### What the exercise asks:
Below are several entries. Transcribe exactly those lines that fall from the one with "(\<lambda>j. q (s" through the one with "using upper[of k]", end lines included.

### Data to examine:

┌──

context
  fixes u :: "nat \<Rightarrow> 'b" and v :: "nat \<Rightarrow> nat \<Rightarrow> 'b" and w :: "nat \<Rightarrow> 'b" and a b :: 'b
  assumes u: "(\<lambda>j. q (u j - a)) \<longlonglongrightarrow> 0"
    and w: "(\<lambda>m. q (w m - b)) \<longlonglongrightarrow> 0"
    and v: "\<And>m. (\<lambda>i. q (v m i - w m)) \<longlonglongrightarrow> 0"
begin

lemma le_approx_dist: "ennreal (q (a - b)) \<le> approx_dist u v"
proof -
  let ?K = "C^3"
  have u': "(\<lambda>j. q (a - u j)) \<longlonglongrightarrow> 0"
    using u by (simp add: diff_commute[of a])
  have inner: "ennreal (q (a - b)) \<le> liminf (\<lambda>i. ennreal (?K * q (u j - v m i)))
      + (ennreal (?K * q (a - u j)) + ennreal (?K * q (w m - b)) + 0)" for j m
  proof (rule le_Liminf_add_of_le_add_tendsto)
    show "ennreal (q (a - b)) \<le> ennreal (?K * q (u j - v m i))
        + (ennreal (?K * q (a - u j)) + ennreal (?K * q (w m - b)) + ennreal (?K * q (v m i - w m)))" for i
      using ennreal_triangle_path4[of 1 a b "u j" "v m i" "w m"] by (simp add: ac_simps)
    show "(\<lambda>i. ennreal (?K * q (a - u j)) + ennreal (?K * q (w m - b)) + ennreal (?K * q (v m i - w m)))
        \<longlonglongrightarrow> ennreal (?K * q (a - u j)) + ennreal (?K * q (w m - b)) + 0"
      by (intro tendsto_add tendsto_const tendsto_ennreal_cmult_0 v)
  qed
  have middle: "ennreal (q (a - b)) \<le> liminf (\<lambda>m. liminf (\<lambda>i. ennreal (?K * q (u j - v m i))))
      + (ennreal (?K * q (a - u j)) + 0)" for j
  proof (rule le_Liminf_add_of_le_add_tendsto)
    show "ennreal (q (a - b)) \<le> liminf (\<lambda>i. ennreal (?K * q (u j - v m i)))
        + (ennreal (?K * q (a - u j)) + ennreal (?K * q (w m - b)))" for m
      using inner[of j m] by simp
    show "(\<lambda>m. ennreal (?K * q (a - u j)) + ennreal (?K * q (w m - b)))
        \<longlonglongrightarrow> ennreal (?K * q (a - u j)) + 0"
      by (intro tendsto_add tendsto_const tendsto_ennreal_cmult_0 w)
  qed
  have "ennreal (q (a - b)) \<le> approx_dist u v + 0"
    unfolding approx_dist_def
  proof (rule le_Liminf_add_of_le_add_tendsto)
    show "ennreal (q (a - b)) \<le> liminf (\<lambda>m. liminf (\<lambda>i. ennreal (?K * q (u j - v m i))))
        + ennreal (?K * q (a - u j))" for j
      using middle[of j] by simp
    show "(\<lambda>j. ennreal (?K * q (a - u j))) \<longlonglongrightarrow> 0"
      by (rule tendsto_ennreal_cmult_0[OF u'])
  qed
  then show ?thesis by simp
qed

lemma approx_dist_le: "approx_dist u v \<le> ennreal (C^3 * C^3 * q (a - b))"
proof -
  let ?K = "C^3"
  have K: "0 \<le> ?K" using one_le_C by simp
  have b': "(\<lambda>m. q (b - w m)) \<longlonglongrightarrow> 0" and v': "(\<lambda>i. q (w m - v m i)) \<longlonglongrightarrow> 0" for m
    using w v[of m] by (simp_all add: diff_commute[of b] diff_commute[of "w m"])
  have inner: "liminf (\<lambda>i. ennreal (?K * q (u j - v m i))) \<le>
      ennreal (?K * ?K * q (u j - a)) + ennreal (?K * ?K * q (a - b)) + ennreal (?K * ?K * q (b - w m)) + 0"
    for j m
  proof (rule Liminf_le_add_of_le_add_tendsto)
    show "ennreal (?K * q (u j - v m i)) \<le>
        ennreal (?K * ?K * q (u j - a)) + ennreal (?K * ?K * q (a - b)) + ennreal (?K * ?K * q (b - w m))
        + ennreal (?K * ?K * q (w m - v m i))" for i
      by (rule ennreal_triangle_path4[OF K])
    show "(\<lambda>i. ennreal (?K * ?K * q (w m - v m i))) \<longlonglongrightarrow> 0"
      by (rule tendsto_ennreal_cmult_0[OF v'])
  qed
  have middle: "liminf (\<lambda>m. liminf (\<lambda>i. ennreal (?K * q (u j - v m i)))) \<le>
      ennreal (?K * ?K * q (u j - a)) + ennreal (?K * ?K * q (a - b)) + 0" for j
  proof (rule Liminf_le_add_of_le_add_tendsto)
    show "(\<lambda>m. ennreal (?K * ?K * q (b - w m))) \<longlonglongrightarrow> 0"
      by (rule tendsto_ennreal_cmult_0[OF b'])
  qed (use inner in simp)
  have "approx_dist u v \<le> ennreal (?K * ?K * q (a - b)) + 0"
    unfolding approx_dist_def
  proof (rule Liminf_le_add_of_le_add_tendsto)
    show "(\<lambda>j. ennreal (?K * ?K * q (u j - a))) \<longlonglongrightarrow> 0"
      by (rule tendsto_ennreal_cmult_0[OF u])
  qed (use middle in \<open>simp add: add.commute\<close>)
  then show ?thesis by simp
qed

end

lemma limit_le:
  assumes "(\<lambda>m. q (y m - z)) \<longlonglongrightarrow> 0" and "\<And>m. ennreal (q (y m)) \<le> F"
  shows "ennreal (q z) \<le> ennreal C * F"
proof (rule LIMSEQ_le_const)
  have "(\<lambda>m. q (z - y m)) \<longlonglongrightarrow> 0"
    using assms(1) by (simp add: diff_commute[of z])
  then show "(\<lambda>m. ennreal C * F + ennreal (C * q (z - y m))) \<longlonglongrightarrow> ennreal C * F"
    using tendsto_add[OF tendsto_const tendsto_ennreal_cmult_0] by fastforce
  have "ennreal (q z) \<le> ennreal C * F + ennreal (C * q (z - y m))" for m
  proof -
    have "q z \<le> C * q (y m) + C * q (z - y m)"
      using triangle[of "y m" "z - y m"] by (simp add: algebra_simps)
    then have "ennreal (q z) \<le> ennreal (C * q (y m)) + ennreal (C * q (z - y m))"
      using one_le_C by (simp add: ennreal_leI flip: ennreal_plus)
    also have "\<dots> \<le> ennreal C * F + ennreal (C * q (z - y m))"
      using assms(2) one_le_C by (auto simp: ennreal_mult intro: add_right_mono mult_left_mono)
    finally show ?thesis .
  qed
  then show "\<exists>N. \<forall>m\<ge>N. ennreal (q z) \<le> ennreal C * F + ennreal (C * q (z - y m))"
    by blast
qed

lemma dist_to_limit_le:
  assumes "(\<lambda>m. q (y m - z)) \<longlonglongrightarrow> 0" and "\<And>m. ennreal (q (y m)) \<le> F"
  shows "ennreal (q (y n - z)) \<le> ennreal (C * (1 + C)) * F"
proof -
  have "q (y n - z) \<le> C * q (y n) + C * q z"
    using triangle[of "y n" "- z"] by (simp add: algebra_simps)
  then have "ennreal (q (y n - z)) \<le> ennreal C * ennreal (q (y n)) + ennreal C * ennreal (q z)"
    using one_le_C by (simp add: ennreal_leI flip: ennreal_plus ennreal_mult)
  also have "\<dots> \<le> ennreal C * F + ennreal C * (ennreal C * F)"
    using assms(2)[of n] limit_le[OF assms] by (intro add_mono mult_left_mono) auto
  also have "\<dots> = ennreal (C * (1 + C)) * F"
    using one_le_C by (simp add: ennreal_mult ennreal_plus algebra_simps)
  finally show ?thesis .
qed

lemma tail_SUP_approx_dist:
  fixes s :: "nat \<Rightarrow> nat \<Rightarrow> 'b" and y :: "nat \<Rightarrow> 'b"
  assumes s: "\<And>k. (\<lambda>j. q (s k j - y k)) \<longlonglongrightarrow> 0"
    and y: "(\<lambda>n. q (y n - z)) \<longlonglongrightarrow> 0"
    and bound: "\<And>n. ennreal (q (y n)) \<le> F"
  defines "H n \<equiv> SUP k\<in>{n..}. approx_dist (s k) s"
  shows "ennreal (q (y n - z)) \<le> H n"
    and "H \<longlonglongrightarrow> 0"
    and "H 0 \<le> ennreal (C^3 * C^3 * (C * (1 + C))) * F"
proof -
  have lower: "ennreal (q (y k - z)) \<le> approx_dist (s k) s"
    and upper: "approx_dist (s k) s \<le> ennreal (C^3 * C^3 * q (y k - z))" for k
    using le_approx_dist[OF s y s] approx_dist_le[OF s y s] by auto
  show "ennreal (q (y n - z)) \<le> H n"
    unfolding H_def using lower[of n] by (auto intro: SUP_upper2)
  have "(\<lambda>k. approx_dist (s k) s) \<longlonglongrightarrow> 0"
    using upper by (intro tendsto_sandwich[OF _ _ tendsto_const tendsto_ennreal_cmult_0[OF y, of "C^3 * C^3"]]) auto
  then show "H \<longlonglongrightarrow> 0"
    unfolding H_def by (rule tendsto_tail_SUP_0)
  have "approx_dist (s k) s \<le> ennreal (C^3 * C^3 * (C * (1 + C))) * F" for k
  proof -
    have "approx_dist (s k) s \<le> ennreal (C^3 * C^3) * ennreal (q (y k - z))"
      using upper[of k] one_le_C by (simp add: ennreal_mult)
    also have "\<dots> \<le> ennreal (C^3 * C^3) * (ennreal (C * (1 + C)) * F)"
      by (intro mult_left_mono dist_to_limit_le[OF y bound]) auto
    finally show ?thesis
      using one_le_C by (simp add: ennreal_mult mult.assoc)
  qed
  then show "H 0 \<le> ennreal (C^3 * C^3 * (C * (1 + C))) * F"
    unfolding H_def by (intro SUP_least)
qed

└──
┌──

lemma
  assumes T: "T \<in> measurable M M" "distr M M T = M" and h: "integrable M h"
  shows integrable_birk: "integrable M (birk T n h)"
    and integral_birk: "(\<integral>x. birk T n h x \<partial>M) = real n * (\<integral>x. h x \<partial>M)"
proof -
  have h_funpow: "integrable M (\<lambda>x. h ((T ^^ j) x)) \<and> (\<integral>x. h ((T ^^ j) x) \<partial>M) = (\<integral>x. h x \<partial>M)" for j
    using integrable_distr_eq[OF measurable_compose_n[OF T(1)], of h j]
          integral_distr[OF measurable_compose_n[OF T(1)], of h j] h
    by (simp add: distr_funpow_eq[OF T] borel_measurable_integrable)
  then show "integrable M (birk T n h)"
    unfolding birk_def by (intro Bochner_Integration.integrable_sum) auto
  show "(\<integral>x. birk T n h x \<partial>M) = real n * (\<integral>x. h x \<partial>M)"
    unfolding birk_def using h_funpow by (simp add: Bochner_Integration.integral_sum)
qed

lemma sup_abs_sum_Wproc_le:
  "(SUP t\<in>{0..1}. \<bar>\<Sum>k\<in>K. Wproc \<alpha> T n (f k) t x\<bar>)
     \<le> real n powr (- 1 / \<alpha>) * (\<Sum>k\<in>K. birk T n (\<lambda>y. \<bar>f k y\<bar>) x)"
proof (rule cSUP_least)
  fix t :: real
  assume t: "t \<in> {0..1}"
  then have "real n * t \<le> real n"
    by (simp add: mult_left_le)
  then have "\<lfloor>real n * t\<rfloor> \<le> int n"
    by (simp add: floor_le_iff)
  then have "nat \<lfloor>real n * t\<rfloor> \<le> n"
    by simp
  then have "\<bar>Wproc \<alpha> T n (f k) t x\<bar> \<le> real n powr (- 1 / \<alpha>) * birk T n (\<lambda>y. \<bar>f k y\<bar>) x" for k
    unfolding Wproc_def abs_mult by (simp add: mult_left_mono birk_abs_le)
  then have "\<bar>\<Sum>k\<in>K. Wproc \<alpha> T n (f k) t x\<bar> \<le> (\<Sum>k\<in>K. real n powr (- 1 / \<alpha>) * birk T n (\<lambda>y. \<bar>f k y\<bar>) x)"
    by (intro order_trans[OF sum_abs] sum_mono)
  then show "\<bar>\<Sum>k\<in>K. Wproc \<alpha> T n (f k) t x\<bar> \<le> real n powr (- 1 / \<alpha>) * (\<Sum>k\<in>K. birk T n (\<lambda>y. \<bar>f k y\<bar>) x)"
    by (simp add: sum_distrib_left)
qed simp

└──
┌──

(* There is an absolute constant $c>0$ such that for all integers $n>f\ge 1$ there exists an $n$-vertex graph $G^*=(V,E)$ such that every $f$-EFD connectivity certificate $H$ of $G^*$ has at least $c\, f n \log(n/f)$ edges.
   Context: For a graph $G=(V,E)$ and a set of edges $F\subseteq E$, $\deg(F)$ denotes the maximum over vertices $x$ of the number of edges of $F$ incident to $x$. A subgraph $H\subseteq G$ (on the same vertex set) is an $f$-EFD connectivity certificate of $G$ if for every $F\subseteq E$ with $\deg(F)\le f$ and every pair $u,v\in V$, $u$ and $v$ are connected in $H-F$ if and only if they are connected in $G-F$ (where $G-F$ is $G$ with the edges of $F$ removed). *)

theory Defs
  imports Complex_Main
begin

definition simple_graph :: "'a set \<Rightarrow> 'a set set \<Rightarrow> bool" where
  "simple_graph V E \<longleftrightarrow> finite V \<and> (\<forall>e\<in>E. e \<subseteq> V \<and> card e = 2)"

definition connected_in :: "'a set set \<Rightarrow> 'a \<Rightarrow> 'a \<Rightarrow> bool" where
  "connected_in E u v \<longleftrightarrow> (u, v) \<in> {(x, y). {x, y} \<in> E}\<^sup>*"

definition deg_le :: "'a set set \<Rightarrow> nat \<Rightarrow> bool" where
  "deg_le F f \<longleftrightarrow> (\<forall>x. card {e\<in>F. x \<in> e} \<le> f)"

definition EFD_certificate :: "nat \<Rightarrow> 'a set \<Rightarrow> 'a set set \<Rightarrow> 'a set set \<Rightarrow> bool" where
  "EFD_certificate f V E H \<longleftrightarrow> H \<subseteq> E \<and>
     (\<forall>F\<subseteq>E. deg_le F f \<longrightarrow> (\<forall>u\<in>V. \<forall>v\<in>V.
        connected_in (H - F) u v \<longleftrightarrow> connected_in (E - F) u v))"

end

└──

### Solved problem:
  assumes s: "\<And>k. (\<lambda>j. q (s k j - y k)) \<longlonglongrightarrow> 0"
    and y: "(\<lambda>n. q (y n - z)) \<longlonglongrightarrow> 0"
    and bound: "\<And>n. ennreal (q (y n)) \<le> F"
  defines "H n \<equiv> SUP k\<in>{n..}. approx_dist (s k) s"
  shows "ennreal (q (y n - z)) \<le> H n"
    and "H \<longlonglongrightarrow> 0"
    and "H 0 \<le> ennreal (C^3 * C^3 * (C * (1 + C))) * F"
proof -
  have lower: "ennreal (q (y k - z)) \<le> approx_dist (s k) s"
    and upper: "approx_dist (s k) s \<le> ennreal (C^3 * C^3 * q (y k - z))" for k
    using le_approx_dist[OF s y s] approx_dist_le[OF s y s] by auto
  show "ennreal (q (y n - z)) \<le> H n"
    unfolding H_def using lower[of n] by (auto intro: SUP_upper2)
  have "(\<lambda>k. approx_dist (s k) s) \<longlonglongrightarrow> 0"
    using upper by (intro tendsto_sandwich[OF _ _ tendsto_const tendsto_ennreal_cmult_0[OF y, of "C^3 * C^3"]]) auto
  then show "H \<longlonglongrightarrow> 0"
    unfolding H_def by (rule tendsto_tail_SUP_0)
  have "approx_dist (s k) s \<le> ennreal (C^3 * C^3 * (C * (1 + C))) * F" for k
  proof -
    have "approx_dist (s k) s \<le> ennreal (C^3 * C^3) * ennreal (q (y k - z))"
      using upper[of k] one_le_C by (simp add: ennreal_mult)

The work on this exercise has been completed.